3.3 Tax Withholding. To meet the obligations of the Company with respect to any and all income tax, (including federal, state and local taxes), social insurance contributions, payroll tax, payment on account or other tax-related withholding (“Tax-Related Items”) under any applicable domestic or foreign, federal, state or local statute, ordinance, rule, or regulation in connection with any aspect of the Restricted Stock Units, including the grant of the Restricted Stock Units, the vesting of the Restricted Stock Units, the conversion of the Restricted Stock Units into shares or the receipt of an equivalent cash payment, the subsequent sale of any shares acquired at vesting and the receipt of any dividends, the Committee shall require that the Company withhold a number of whole shares of Company Stock otherwise deliverable having a Fair Market Value sufficient to satisfy the statutory minimum (or such higher amount as is allowable without adverse accounting consequences) of the Participant’s estimated total obligation for Tax-Related Items associated with any aspect of the Restricted Stock Units. The Company may also in lieu of or in addition to the foregoing, at its sole discretion, (i) require the Participant to deposit with the Company an amount of cash sufficient to meet his or her obligation for Tax-Related Items , (ii) withhold the required amounts from the Participant’s pay during the pay periods next following the date on which any such applicable tax liability otherwise arises, and/or (iii) sell or arrange for the sale of shares to be issued on the vesting of the Restricted Stock Units to satisfy the Participant’s and the Company’s obligation for Tax-Related Items. If the Participant’s and/or the Company’s obligation for Tax-Related Items is satisfied as described in (iii) of this section, the Company will endeavor to sell only the number of shares required to satisfy the Participant’s and the Company’s obligation for Tax-Related Items; however, the Participant agrees that the Company may sell more shares than necessary to cover the Tax-Related Items. The Company shall not deliver any of the shares of Company Stock until and unless the Participant has made the deposit required herein or proper provision for required withholding has been made. The Participant hereby consents to any action reasonably taken by the Company to meet his or her obligation for Tax-Related Items

3.4 Certificate Registration. The certificate for the shares as to which the Award is settled shall be registered in the name of the Participant, or, if applicable, in the names of the heirs of the Participant.

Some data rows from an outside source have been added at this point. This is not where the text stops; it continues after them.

(* Let $F$ be a field with $\operatorname{char}F\ne2$ and let $L/F$ be a Galois extension with $\operatorname{Gal}(L/F)\cong G_1$. Then there is a unique quadratic extension $F(\sqrt a)$ of $F$ such that $F\subseteq F(\sqrt a)\subseteq E\subseteq L$ for some subfield $E$ of $L$ with $E/F$ Galois and $\operatorname{Gal}(E/F)\cong C$. The element $-a$ is not rigid.
   Context: $C$ is the cyclic group of order 4. An element $c\in\dot F\setminus(F^2\cup-F^2)$ is rigid if the set of nonzero values of $x_1^2+cx_2^2$ equals $\dot F^2\cup c\dot F^2$, and nonrigid otherwise. Commutators $[\sigma,\tau]=\sigma^{-1}\tau^{-1}\sigma\tau$. $G_1$ is the group generated by $x,y$ with relations $x^4=y^2=1$, $[x,y]^2=[[x,y],x]^2=1$, and $[[x,y],x]$ commutes with $x$ and $y$. *)

theory Defs
  imports "HOL-Algebra.Elementary_Groups" "HOL-Algebra.Generated_Groups"
          "HOL-Computational_Algebra.Polynomial"
begin

definition is_subfield :: "'l::field set \<Rightarrow> bool" where
  "is_subfield K \<longleftrightarrow> 0 \<in> K \<and> 1 \<in> K \<and>
     (\<forall>x\<in>K. \<forall>y\<in>K. x + y \<in> K \<and> x - y \<in> K \<and> x * y \<in> K) \<and>
     (\<forall>x\<in>K. x \<noteq> 0 \<longrightarrow> inverse x \<in> K)"

definition adjoin :: "'l::field set \<Rightarrow> 'l \<Rightarrow> 'l set" where
  "adjoin F r = \<Inter>{S. is_subfield S \<and> F \<subseteq> S \<and> r \<in> S}"

text \<open>Gal(K/F): field automorphisms of K fixing F pointwise (extended by the
  identity outside K so that they form a group under composition)\<close>
definition gal_auts :: "'l::field set \<Rightarrow> 'l set \<Rightarrow> ('l \<Rightarrow> 'l) set" where
  "gal_auts F K = {\<sigma>. bij_betw \<sigma> K K
        \<and> (\<forall>x\<in>K. \<forall>y\<in>K. \<sigma> (x + y) = \<sigma> x + \<sigma> y \<and> \<sigma> (x * y) = \<sigma> x * \<sigma> y)
        \<and> \<sigma> 1 = 1
        \<and> (\<forall>x\<in>F. \<sigma> x = x)
        \<and> (\<forall>x. x \<notin> K \<longrightarrow> \<sigma> x = x)}"

definition gal_group :: "'l::field set \<Rightarrow> 'l set \<Rightarrow> ('l \<Rightarrow> 'l) monoid" where
  "gal_group F K = \<lparr> carrier = gal_auts F K, monoid.mult = (\<lambda>\<sigma> \<tau>. \<sigma> \<circ> \<tau>), one = id \<rparr>"

definition algebraic_ext :: "'l::field set \<Rightarrow> 'l set \<Rightarrow> bool" where
  "algebraic_ext F K \<longleftrightarrow>
     (\<forall>x\<in>K. \<exists>p::'l poly. p \<noteq> 0 \<and> (\<forall>i. coeff p i \<in> F) \<and> poly p x = 0)"

definition galois_ext :: "'l::field set \<Rightarrow> 'l set \<Rightarrow> bool" where
  "galois_ext F K \<longleftrightarrow> is_subfield F \<and> is_subfield K \<and> F \<subseteq> K \<and> algebraic_ext F K \<and>
     {x\<in>K. \<forall>\<sigma>\<in>carrier (gal_group F K). \<sigma> x = x} = F"

definition rigid :: "'l::field set \<Rightarrow> 'l \<Rightarrow> bool" where
  "rigid F c \<longleftrightarrow> c \<in> F - {0} \<and> c \<notin> {t * t |t. t \<in> F} \<and> c \<notin> {- (t * t) |t. t \<in> F} \<and>
     {x1 * x1 + c * x2 * x2 |x1 x2. x1 \<in> F \<and> x2 \<in> F} - {0}
       = {t * t |t. t \<in> F - {0}} \<union> {c * t * t |t. t \<in> F - {0}}"

abbreviation C4 :: "int monoid" where "C4 \<equiv> integer_mod_group 4"

text \<open>Free group on generators of type 'g: freely reduced words of letters
  (g, b), where b = True marks the inverse of g.\<close>
definition free_reduce :: "('g \<times> bool) list \<Rightarrow> ('g \<times> bool) list" where
  "free_reduce xs = foldr (\<lambda>x w. case w of [] \<Rightarrow> [x]
       | y # ys \<Rightarrow> (if fst x = fst y \<and> snd x \<noteq> snd y then ys else x # w)) xs []"

definition free_grp :: "(('g \<times> bool) list) monoid" where
  "free_grp = \<lparr> carrier = {w. free_reduce w = w},
      monoid.mult = (\<lambda>u v. free_reduce (u @ v)), one = [] \<rparr>"

definition fg_comm :: "('g \<times> bool) list \<Rightarrow> ('g \<times> bool) list \<Rightarrow> ('g \<times> bool) list" where
  "fg_comm s t = inv\<^bsub>free_grp\<^esub> s \<otimes>\<^bsub>free_grp\<^esub> inv\<^bsub>free_grp\<^esub> t
       \<otimes>\<^bsub>free_grp\<^esub> s \<otimes>\<^bsub>free_grp\<^esub> t"

definition G1_relators :: "((bool \<times> bool) list) set" where
  "G1_relators = (let x = [(True, False)]; y = [(False, False)];
       c = fg_comm x y; d = fg_comm c x in
     { x [^]\<^bsub>free_grp\<^esub> (4::nat), y [^]\<^bsub>free_grp\<^esub> (2::nat),
       c [^]\<^bsub>free_grp\<^esub> (2::nat), d [^]\<^bsub>free_grp\<^esub> (2::nat),
       fg_comm d x, fg_comm d y })"

definition G1 :: "((bool \<times> bool) list set) monoid" where
  "G1 = free_grp Mod
     generate free_grp (\<Union>g\<in>carrier free_grp.
        (\<lambda>r. g \<otimes>\<^bsub>free_grp\<^esub> r \<otimes>\<^bsub>free_grp\<^esub> inv\<^bsub>free_grp\<^esub> g) ` G1_relators)"

end

theory Submission
  imports Defs
begin

(* Map Gal(L/F) = G1 = <x, y> onto a group Q16 of order 16. Characters of Q16, or of its
   index-2 subgroup H, the image of <x^2, y, x y x^-1>, have eigenvectors in L: by Dedekind's
   lemma some resolvent  sum_g chi(g) g(w)  is nonzero. The eigenvector r of the character with
   x -> -1, y -> 1 has r^2 = a in F, and F(r) lies in the fixed field of the kernel of
   Gal(L/F) -> Z/4 (x -> 1, y -> 0), a cyclic quartic extension. Conversely, if F(sqrt a') lies
   in a cyclic quartic E, then E is stable under Gal(L/F) and y restricts to an involution of
   Gal(E/F) = C4, i.e. to 1 or sigma^2, both fixing sqrt a'; hence sqrt a' is again such an
   eigenvector and F(sqrt a') = F(r).
   For non-rigidity, eigenvectors theta of characters of H give elements gamma = x(theta)/theta
   of F(r) with norm -1, resp. with norm 1/b up to a square, where b = s^2 for the eigenvector s
   of the character x -> 1, y -> -1. Rigidity of -a would make -1 a square, and then force b into
   F^2 or (-a) F^2, i.e. s into F or F i r; both contradict y(s) = -s. *)

section \<open>Free groups\<close>

definition cancel_step :: "'g \<times> bool \<Rightarrow> ('g \<times> bool) list \<Rightarrow> ('g \<times> bool) list" where
  "cancel_step x w = (case w of [] \<Rightarrow> [x]
       | y # ys \<Rightarrow> (if fst x = fst y \<and> snd x \<noteq> snd y then ys else x # w))"

lemma free_reduce_eq_foldr: "free_reduce xs = foldr cancel_step xs []"
  unfolding free_reduce_def cancel_step_def by (rule refl)

fun reduced :: "('g \<times> bool) list \<Rightarrow> bool" where
  "reduced [] = True"
| "reduced [x] = True"
| "reduced (x # y # ys) = (\<not> (fst x = fst y \<and> snd x \<noteq> snd y) \<and> reduced (y # ys))"

lemma reduced_Cons_tl: "reduced (x # w) \<Longrightarrow> reduced w"
  by (cases w) auto

lemma reduced_cancel_step: "reduced w \<Longrightarrow> reduced (cancel_step x w)"
  by (cases w) (auto simp: cancel_step_def dest: reduced_Cons_tl)

lemma reduced_foldr_cancel_step: "reduced w \<Longrightarrow> reduced (foldr cancel_step z w)"
  by (induction z) (auto intro: reduced_cancel_step)

lemma reduced_free_reduce: "reduced (free_reduce w)"
  unfolding free_reduce_eq_foldr by (rule reduced_foldr_cancel_step) simp

lemma cancel_step_reduced_Cons: "reduced (x # w) \<Longrightarrow> cancel_step x w = x # w"
  by (cases w) (auto simp: cancel_step_def)

lemma free_reduce_reduced: "reduced w \<Longrightarrow> free_reduce w = w"
proof (induction w)
  case Nil
  then show ?case by (simp add: free_reduce_eq_foldr)
next
  case (Cons x w)
  then have "free_reduce w = w" using reduced_Cons_tl by blast
  then show ?case using Cons.prems cancel_step_reduced_Cons by (simp add: free_reduce_eq_foldr)
qed

lemma free_reduce_fixed_iff: "free_reduce w = w \<longleftrightarrow> reduced w"
  using free_reduce_reduced reduced_free_reduce by metis

lemma carrier_free_grp: "carrier free_grp = {w. reduced w}"
  by (simp add: free_grp_def free_reduce_fixed_iff)

definition letter_inv :: "'g \<times> bool \<Rightarrow> 'g \<times> bool" where
  "letter_inv x = (fst x, \<not> snd x)"

lemma letter_inv_letter_inv [simp]: "letter_inv (letter_inv x) = x"
  by (simp add: letter_inv_def)

lemma cancel_step_cancel_step_letter_inv:
  assumes "reduced w"
  shows "cancel_step x (cancel_step (letter_inv x) w) = w"
proof (cases w)
  case (Cons y ys)
  show ?thesis
  proof (cases "fst (letter_inv x) = fst y \<and> snd (letter_inv x) \<noteq> snd y")
    case True
    then have "x = y" by (cases x, cases y) (auto simp: letter_inv_def)
    then show ?thesis
      using True Cons assms cancel_step_reduced_Cons by (simp add: cancel_step_def)
  next
    case False
    then have "cancel_step (letter_inv x) w = letter_inv x # w" using Cons by (simp add: cancel_step_def)
    then show ?thesis by (simp add: cancel_step_def letter_inv_def)
  qed
qed (simp add: cancel_step_def letter_inv_def)

lemma foldr_cancel_step_cancel_step:
  assumes "reduced w"
  shows "foldr cancel_step (cancel_step x v) w = cancel_step x (foldr cancel_step v w)"
proof (cases v)
  case (Cons y ys)
  show ?thesis
  proof (cases "fst x = fst y \<and> snd x \<noteq> snd y")
    case True
    then have "x = letter_inv y" by (cases x, cases y) (auto simp: letter_inv_def)
    then show ?thesis
      using True Cons cancel_step_cancel_step_letter_inv[of "foldr cancel_step ys w" "letter_inv y"]
        reduced_foldr_cancel_step[OF assms]
      by (simp add: cancel_step_def)
  next
    case False
    then have "cancel_step x v = x # v" using Cons by (simp add: cancel_step_def)
    then show ?thesis by simp
  qed
qed (simp add: cancel_step_def)

lemma foldr_cancel_step_free_reduce:
  "reduced w \<Longrightarrow> foldr cancel_step (free_reduce z) w = foldr cancel_step z w"
  by (induction z) (simp_all add: free_reduce_eq_foldr foldr_cancel_step_cancel_step)

lemma free_reduce_append: "free_reduce (u @ v) = foldr cancel_step u (free_reduce v)"
  by (simp add: free_reduce_eq_foldr)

3.5 Restrictions on Grant of the Award and Issuance of Shares. The grant of the Award and issuance of shares of Stock upon settlement of the Award shall be subject to compliance with all applicable requirements of federal, state or foreign law with respect to such securities. No shares of Stock may be issued hereunder if the issuance of such shares would constitute a violation of any applicable federal, state or foreign securities laws or other law or regulations or the requirements of any stock exchange or market system upon which the Stock may then be listed. The inability of the Company to obtain from any regulatory body having jurisdiction the authority, if any, deemed by the Company’s legal counsel to be necessary to the lawful issuance and sale of any shares subject to the Award shall relieve the Company of any liability in respect of the failure to issue or sell such shares as to which such requisite authority shall not have been obtained. As a condition to the settlement of the Award, the Company may require the Participant to satisfy any qualifications that may be necessary or appropriate, to evidence compliance with any applicable law or regulation and to make any representation or warranty with respect thereto as may be requested by the Company.

3.6 Fractional Shares. The Company shall not be required to issue fractional shares upon the settlement of the Award.

3.7 Deferral. Subject to the Committee’s determination that this right of deferral or any term thereof complies with applicable laws or regulations in effect from time to time, Participant may make an election to defer the issuance of the shares issuable in accordance with the terms and conditions set forth in a Restricted Stock Unit deferral election form approved by the Committee. In the event of the Committee’s determination otherwise, the Committee may, in its discretion, deny Participant this right of deferral altogether, modify the terms of the deferral and/or add such requirements as it deems necessary or advisable to comply with applicable law and regulations. If the Participant elects to defer the issuance of vested Restricted Stock Units in accordance with this paragraph, payment of the deferred vested Restricted Stock Units (and any dividends payable in accordance with paragraph 9) will be made in accordance with the terms of the deferral election.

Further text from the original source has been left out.